The <pads-blam> element isn’t especially useful for creating a melodic part like a bassline. Instead, I want something that controls the pitch of each sample’s playback. The <notes-blam> element does just that.
<notes-blam choke out="bus" notes="A1 A1 A1 C2 D2 D#2 E2 G1 A2">
<bank-blam>
<sample-blam src="{{site.basedir}}/static/sounds/bass/01.mp3" root="A1"></sample-blam>
<sample-blam src="{{site.basedir}}/static/sounds/bass/02.mp3" root="C#2"></sample-blam>
<sample-blam src="{{site.basedir}}/static/sounds/bass/03.mp3" root="E2"></sample-blam>
<sample-blam src="{{site.basedir}}/static/sounds/bass/04.mp3" root="A2"></sample-blam>
</bank-blam>
</notes-blam>
Each <sample-blam> element has a root property. This signifies the natural pitch/tuning of the sample itself. Without this, <notes-blam> cannot calculate pitch changes accurately.

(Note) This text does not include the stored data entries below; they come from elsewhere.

lemma hupbar_form_positive:
  assumes "complex_cartan_space U C" "q \<in> nonzero_cotangent U" "v \<noteq> 0"
  shows "Im (\<Sum>i\<in>UNIV. \<Sum>j\<in>UNIV. hupbar C j i q * v $ i * cnj (v $ j)) = 0"
    "0 < Re (\<Sum>i\<in>UNIV. \<Sum>j\<in>UNIV. hupbar C j i q * v $ i * cnj (v $ j))"
proof -
  obtain z w where q: "q = (z, w)" by (cases q)
  then have "z \<in> U" "w \<noteq> 0" using assms(2) by (auto simp: nonzero_cotangent_def)
  then show "Im (\<Sum>i\<in>UNIV. \<Sum>j\<in>UNIV. hupbar C j i q * v $ i * cnj (v $ j)) = 0"
    "0 < Re (\<Sum>i\<in>UNIV. \<Sum>j\<in>UNIV. hupbar C j i q * v $ i * cnj (v $ j))"
    using assms(1,3) unfolding complex_cartan_space_def q Let_def by blast+
qed

lemma hupbar_hermitian:
  fixes q :: "'n::finite cpt"
  assumes cart: "complex_cartan_space U C" and q: "q \<in> nonzero_cotangent U"
  shows "hupbar C a b q = cnj (hupbar C b a q)"
proof -
  let ?P = "\<lambda>j i. hupbar C j i q"
  have nz: "axis a 1 + axis b y \<noteq> (0::complex^'n)" if "y \<noteq> -1" for y :: complex
  proof
    assume "axis a 1 + axis b y = (0::complex^'n)"
    then have "(axis a 1 + axis b y) $ a = 0" by simp
    then have "1 + (if a = b then y else 0) = 0" by (simp add: axis_def)
    then show False using that by (cases "a = b") (auto simp: add_eq_0_iff)
  qed
  have n1: "axis a (1::complex) \<noteq> 0" "axis b (1::complex) \<noteq> 0" by simp_all
  have i1: "Im (?P a a) = 0" using hupbar_form_positive(1)[OF cart q n1(1), unfolded sesquilinear_axis] by simp
  have i2: "Im (?P b b) = 0" using hupbar_form_positive(1)[OF cart q n1(2), unfolded sesquilinear_axis] by simp
  have i3: "Im (?P a a + ?P a b + ?P b a + ?P b b) = 0"
    using hupbar_form_positive(1)[OF cart q nz[of 1], unfolded sesquilinear_axis_add] by simp
  have i4: "Im (?P a a + ?P a b * \<i> - ?P b a * \<i> + ?P b b) = 0"
    using hupbar_form_positive(1)[OF cart q nz[of \<i>], unfolded sesquilinear_axis_add] by (simp add: complex_eq_iff)
  show ?thesis using i1 i2 i3 i4 by (simp add: complex_eq_iff)
qed

lemma hmat_invertible:
  assumes cart: "complex_cartan_space U C" and q: "q \<in> nonzero_cotangent U"
  shows "invertible (hmat C q)"
proof -
  have "\<forall>x. hmat C q *v x = 0 \<longrightarrow> x = 0"
  proof (intro allI impI)
    fix x assume x: "hmat C q *v x = 0"
    show "x = 0"
    proof (rule ccontr)
      assume "x \<noteq> 0"
      from hupbar_form_positive(2)[OF cart q this]
      have pos: "0 < Re (\<Sum>i\<in>UNIV. \<Sum>j\<in>UNIV. hupbar C j i q * x $ i * cnj (x $ j))" .
      have "(\<Sum>i\<in>UNIV. \<Sum>j\<in>UNIV. hupbar C j i q * x $ i * cnj (x $ j))
          = (\<Sum>j\<in>UNIV. cnj (x $ j) * (\<Sum>i\<in>UNIV. hupbar C j i q * x $ i))"
        by (subst sum.swap) (simp add: sum_distrib_left mult_ac)
      also have "\<dots> = (\<Sum>j\<in>UNIV. cnj (x $ j) * (hmat C q *v x) $ j)"
        by (simp add: matrix_vector_mult_def hmat_def)
      also have "\<dots> = 0" using x by simp
      finally show False using pos by simp
    qed
  qed
  then show ?thesis using matrix_left_invertible_ker invertible_left_inverse by blast
qed

lemma matrix_inv_mult:
  fixes A :: "'a::field^'n::finite^'n"
  assumes "invertible A"
  shows "A ** matrix_inv A = mat 1" "matrix_inv A ** A = mat 1"
proof -
  have "\<exists>A'. A ** A' = mat 1 \<and> A' ** A = mat 1" using assms invertible_def by blast
  from someI_ex[OF this] show "A ** matrix_inv A = mat 1" "matrix_inv A ** A = mat 1"
    unfolding matrix_inv_def by auto
qed

lemma hlow_hupbar:
  assumes cart: "complex_cartan_space U C" and q: "q \<in> nonzero_cotangent U"
  shows "(\<Sum>m\<in>UNIV. hlow C j m q * hupbar C m k q) = (if j = k then 1 else 0)"
proof -
  have "(matrix_inv (hmat C q) ** hmat C q) $ j $ k = mat 1 $ j $ k"
    using matrix_inv_mult(2)[OF hmat_invertible[OF cart q]] by simp
  then show ?thesis by (simp add: matrix_matrix_mult_def mat_def hlow_def hmat_def)
qed

lemma hupbar_hlow:
  assumes cart: "complex_cartan_space U C" and q: "q \<in> nonzero_cotangent U"
  shows "(\<Sum>m\<in>UNIV. hupbar C j m q * hlow C m k q) = (if j = k then 1 else 0)"
proof -
  have "(hmat C q ** matrix_inv (hmat C q)) $ j $ k = mat 1 $ j $ k"
    using matrix_inv_mult(1)[OF hmat_invertible[OF cart q]] by simp
  then show ?thesis by (simp add: matrix_matrix_mult_def mat_def hlow_def hmat_def)
qed

lemma hmat_nth [simp]: "hmat C q $ i $ c = hupbar C i c q"
  by (simp add: hmat_def)

lemma hlow_Cramer:
  assumes cart: "complex_cartan_space U C" and q: "q \<in> nonzero_cotangent U"
  shows "hlow C j m q = det (\<chi> i c. if c = j then axis m 1 $ i else hupbar C i c q) / det (hmat C q)"
proof -
  let ?A = "hmat C q"
  have inv: "invertible ?A" using hmat_invertible[OF cart q] .
  have d0: "det ?A \<noteq> 0" using inv invertible_det_nz by blast
  define x where "x = matrix_inv ?A *v axis m 1"
  have "?A *v x = axis m 1"
    unfolding x_def by (simp add: matrix_vector_mul_assoc matrix_inv_mult(1)[OF inv])
  then have x: "x = (\<chi> k. det (\<chi> i c. if c = k then axis m 1 $ i else ?A $ i $ c) / det ?A)"
    using cramer[OF d0] by blast
  have "x $ j = hlow C j m q"
    unfolding x_def hlow_def matrix_vector_mult_def by (simp add: axis_def if_distrib cong: if_cong)
  then show ?thesis using x by (simp cong: if_cong)
qed

lemma differentiable_hlow:
  assumes cart: "complex_cartan_space U C" and q: "q \<in> nonzero_cotangent U"
  shows "hlow C j m differentiable at q"
proof -
  have o: "open (nonzero_cotangent U)" using open_nonzero_cotangent[OF cart] .
  let ?F = "\<lambda>x. det (\<chi> i c. if c = j then axis m 1 $ i else hupbar C i c x) / det (hmat C x)"
  have d1: "(\<lambda>x. det (\<chi> i c. if c = j then axis m 1 $ i else hupbar C i c x)) differentiable at q"
  proof (rule differentiable_det)
    fix i c show "(\<lambda>x. (\<chi> i c. if c = j then axis m 1 $ i else hupbar C i c x) $ i $ c) differentiable at q"
      by (cases "c = j") (simp_all add: differentiable_hupbar[OF cart q])
  qed
  have d2: "(\<lambda>x. det (hmat C x)) differentiable at q"
    by (rule differentiable_det) (simp add: differentiable_hupbar[OF cart q])
  have "det (hmat C q) \<noteq> 0" using hmat_invertible[OF cart q] invertible_det_nz by blast
  then have "?F differentiable at q" using d1 d2 by (rule differentiable_divide[rotated 2])
  moreover have "\<And>x. x \<in> nonzero_cotangent U \<Longrightarrow> ?F x = hlow C j m x"
    using hlow_Cramer[OF cart] by simp
  ultimately show ?thesis
    using differentiable_transform_open[OF o q, of ?F "hlow C j m"] by blast
qed

lemma hupbar_kernel_trivial:
  assumes cart: "complex_cartan_space U C" and q: "q \<in> nonzero_cotangent U"
    and h: "\<And>k. (\<Sum>i\<in>UNIV. hupbar C i k q * cnj (e i)) = 0"
  shows "e i = 0"
proof -
  have h2: "(\<Sum>i\<in>UNIV. hupbar C k i q * e i) = 0" for k
  proof -
    have "(\<Sum>i\<in>UNIV. hupbar C k i q * e i) = cnj (\<Sum>i\<in>UNIV. hupbar C i k q * cnj (e i))"
      by (simp add: cnj_sum hupbar_hermitian[OF cart q, of k])
    then show ?thesis using h by simp
  qed
  define v where "v = (\<chi> i. e i)"
  show ?thesis
  proof (rule ccontr)
    assume "e i \<noteq> 0"
    then have "v \<noteq> 0" unfolding v_def by (auto simp: vec_eq_iff)
    from hupbar_form_positive(2)[OF cart q this]
    have pos: "0 < Re (\<Sum>i\<in>UNIV. \<Sum>j\<in>UNIV. hupbar C j i q * v $ i * cnj (v $ j))" .
    have "(\<Sum>i\<in>UNIV. \<Sum>j\<in>UNIV. hupbar C j i q * v $ i * cnj (v $ j))
        = (\<Sum>j\<in>UNIV. cnj (e j) * (\<Sum>i\<in>UNIV. hupbar C j i q * e i))"
      unfolding v_def by (subst sum.swap) (simp add: sum_distrib_left mult_ac)
    also have "\<dots> = 0" using h2 by simp
    finally show False using pos by simp
  qed
qed

section \<open>Vanishing of h^{jr}\<close>

lemma hupup_eq_dirD2:
  assumes cart: "complex_cartan_space U C" and q: "q \<in> nonzero_cotangent U"
  defines "M \<equiv> \<lambda>v w. dirD (\<lambda>y. dirD (Hf C) y v) q w"
  shows "hupup C j r q = (M (0, axis r 1) (0, axis j 1) - \<i> * M (0, axis r \<i>) (0, axis j 1)
     - \<i> * (M (0, axis r 1) (0, axis j \<i>) - \<i> * M (0, axis r \<i>) (0, axis j \<i>))) / 4"
proof -
  have o: "open (nonzero_cotangent U)" using open_nonzero_cotangent[OF cart] .
  have sm: "smooth_on (nonzero_cotangent U) (Hf C)" using smooth_on_Hf[OF cart] .
  have d: "(\<lambda>y. dirD (Hf C) y v) differentiable at q" for v
    using smooth_on_imp_differentiable[OF o smooth_on_dirD[OF sm] q] .
  have e: "wzeta r (Hf C) = (\<lambda>y. (dirD (Hf C) y (0, axis r 1) - \<i> * dirD (Hf C) y (0, axis r \<i>)) / 2)"
    by (auto simp: wzeta_def)
  show ?thesis unfolding hupup_def wzeta_def[of j] e M_def
    by (simp add: dirD_half_combination[OF d d] field_simps)
qed

lemma hupup_sym:
  assumes cart: "complex_cartan_space U C" and q: "q \<in> nonzero_cotangent U"
  shows "hupup C j r q = hupup C r j q"
proof -
  have o: "open (nonzero_cotangent U)" using open_nonzero_cotangent[OF cart] .
  have sm: "smooth_on (nonzero_cotangent U) (Hf C)" using smooth_on_Hf[OF cart] .
  have sw: "dirD (\<lambda>y. dirD (Hf C) y v) q w = dirD (\<lambda>y. dirD (Hf C) y w) q v" for v w
    using smooth_on_dirD_commute[OF o q sm] .
  show ?thesis unfolding hupup_eq_dirD2[OF cart q]
    by (simp add: sw[of "(0, axis r 1)" "(0, axis j 1)"] sw[of "(0, axis r \<i>)" "(0, axis j 1)"]
      sw[of "(0, axis r 1)" "(0, axis j \<i>)"] sw[of "(0, axis r \<i>)" "(0, axis j \<i>)"] algebra_simps)
qed

lemma hlow_form_positive:
  assumes cart: "complex_cartan_space U C" and q: "q \<in> nonzero_cotangent U" and y: "y \<noteq> 0"
  shows "0 < Re (\<Sum>r\<in>UNIV. \<Sum>a\<in>UNIV. hlow C r a q * cnj (y $ a) * y $ r)"
proof -
  let ?P = "\<lambda>j i. hupbar C j i q" and ?L = "\<lambda>j i. hlow C j i q"
  define x where "x = (\<lambda>a. \<Sum>r\<in>UNIV. y $ r * ?L r a)"
  have yx: "y $ b = (\<Sum>a\<in>UNIV. x a * ?P a b)" for b
  proof -
    have "(\<Sum>a\<in>UNIV. x a * ?P a b) = (\<Sum>a\<in>UNIV. \<Sum>r\<in>UNIV. y $ r * (?L r a * ?P a b))"
      unfolding x_def by (simp add: sum_distrib_left sum_distrib_right mult_ac)
    also have "\<dots> = (\<Sum>r\<in>UNIV. y $ r * (\<Sum>a\<in>UNIV. ?L r a * ?P a b))"
      by (subst sum.swap) (simp add: sum_distrib_left)
    also have "\<dots> = y $ b" by (simp add: hlow_hupbar[OF cart q] mult.commute)
    finally show ?thesis by simp
  qed
  define X where "X = (\<chi> a. cnj (x a))"
  have "X \<noteq> 0"
  proof
    assume "X = 0"
    then have "x a = 0" for a unfolding X_def by (simp add: vec_eq_iff)
    then show False using y yx by (simp add: vec_eq_iff)
  qed
  have "(\<Sum>r\<in>UNIV. \<Sum>a\<in>UNIV. ?L r a * cnj (y $ a) * y $ r) = (\<Sum>a\<in>UNIV. cnj (y $ a) * x a)"
    unfolding x_def by (subst sum.swap) (simp add: sum_distrib_left mult_ac)
  also have "\<dots> = (\<Sum>a\<in>UNIV. \<Sum>b\<in>UNIV. x a * cnj (x b) * cnj (?P b a))"
    unfolding yx by (simp add: sum_distrib_left sum_distrib_right mult_ac)
  also have "\<dots> = (\<Sum>a\<in>UNIV. \<Sum>b\<in>UNIV. ?P a b * cnj (x b) * x a)"
  proof -
    have "cnj (?P b a) = ?P a b" for a b using hupbar_hermitian[OF cart q, of a b] by simp
    then show ?thesis by (simp add: mult_ac)
  qed
  also have "\<dots> = (\<Sum>i\<in>UNIV. \<Sum>j\<in>UNIV. ?P j i * X $ i * cnj (X $ j))"
    unfolding X_def by (subst sum.swap) simp
  finally show ?thesis using hupbar_form_positive(2)[OF cart q \<open>X \<noteq> 0\<close>] by simp
qed

lemma A_hyp_hlow_form:
  fixes q :: "'n::finite cpt"
  assumes cart: "complex_cartan_space U C" and hyp: "A_hyp U C" and q: "q \<in> nonzero_cotangent U"
  shows "(\<Sum>r\<in>UNIV. \<Sum>a\<in>UNIV. hlow C r a q * cnj (hupup C a c q) * hupup C j r q) = 0"
proof -
  let ?P = "\<lambda>j i. hupbar C j i q" and ?L = "\<lambda>j i. hlow C j i q" and ?S = "\<lambda>j i. hupup C j i q"
  have A: "(\<Sum>r\<in>UNIV. Akr C k r q * ?S j r) = 0" for k
    using hyp q unfolding A_hyp_def nonzero_cotangent_iff by (cases q) auto
  have "0 = (\<Sum>k\<in>UNIV. ?P c k * (\<Sum>r\<in>UNIV. Akr C k r q * ?S j r))" using A by simp
  also have "\<dots> = (\<Sum>k\<in>UNIV. \<Sum>r\<in>UNIV. \<Sum>a\<in>UNIV. \<Sum>m\<in>UNIV. - (?P c k * ?L k m * (?L r a * cnj (?S a m) * ?S j r)))"
    unfolding Akr_def by (simp add: sum_distrib_left sum_distrib_right sum_negf mult_ac)
  also have "\<dots> = (\<Sum>r\<in>UNIV. \<Sum>a\<in>UNIV. \<Sum>m\<in>UNIV. \<Sum>k\<in>UNIV. - (?P c k * ?L k m * (?L r a * cnj (?S a m) * ?S j r)))"
    by (rule sum_rotate4)
  also have "\<dots> = (\<Sum>r\<in>UNIV. \<Sum>a\<in>UNIV. \<Sum>m\<in>UNIV. - ((\<Sum>k\<in>UNIV. ?P c k * ?L k m) * (?L r a * cnj (?S a m) * ?S j r)))"
    by (simp add: sum_distrib_right sum_negf)
  also have "\<dots> = - (\<Sum>r\<in>UNIV. \<Sum>a\<in>UNIV. ?L r a * cnj (?S a c) * ?S j r)"
    by (simp add: hupbar_hlow[OF cart q] sum_negf)
  finally show ?thesis by simp
qed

<sample-blam src="{{site.basedir}}/static/sounds/bass/01.mp3" root="A1"></sample-blam>
I’ve supplied samples representing different notes only for tonal variety: the timbre of notes changes depending where they are played on the fretboard. Because <notes-blam> alters pitch and randomizes sample selection for each note played, even two of the same note played in succession will sound different. Just as they would when played live on a bass guitar.
The notes prop defines a set of allowed notes, which will be chosen at random. I’ve chosen some notes from the minor pentatonic scale, with an added tritone (D#2) for extra evil.
notes="A1 A1 A1 C2 D2 D#2 E2 G1 A2"
I’ve included three A1 notes in this array. Is this a copy/paste error? No. Since A1 is the root note, a human bass player would (re)visit it frequently. By biasing the notes array, the generative bassline becomes more realistic.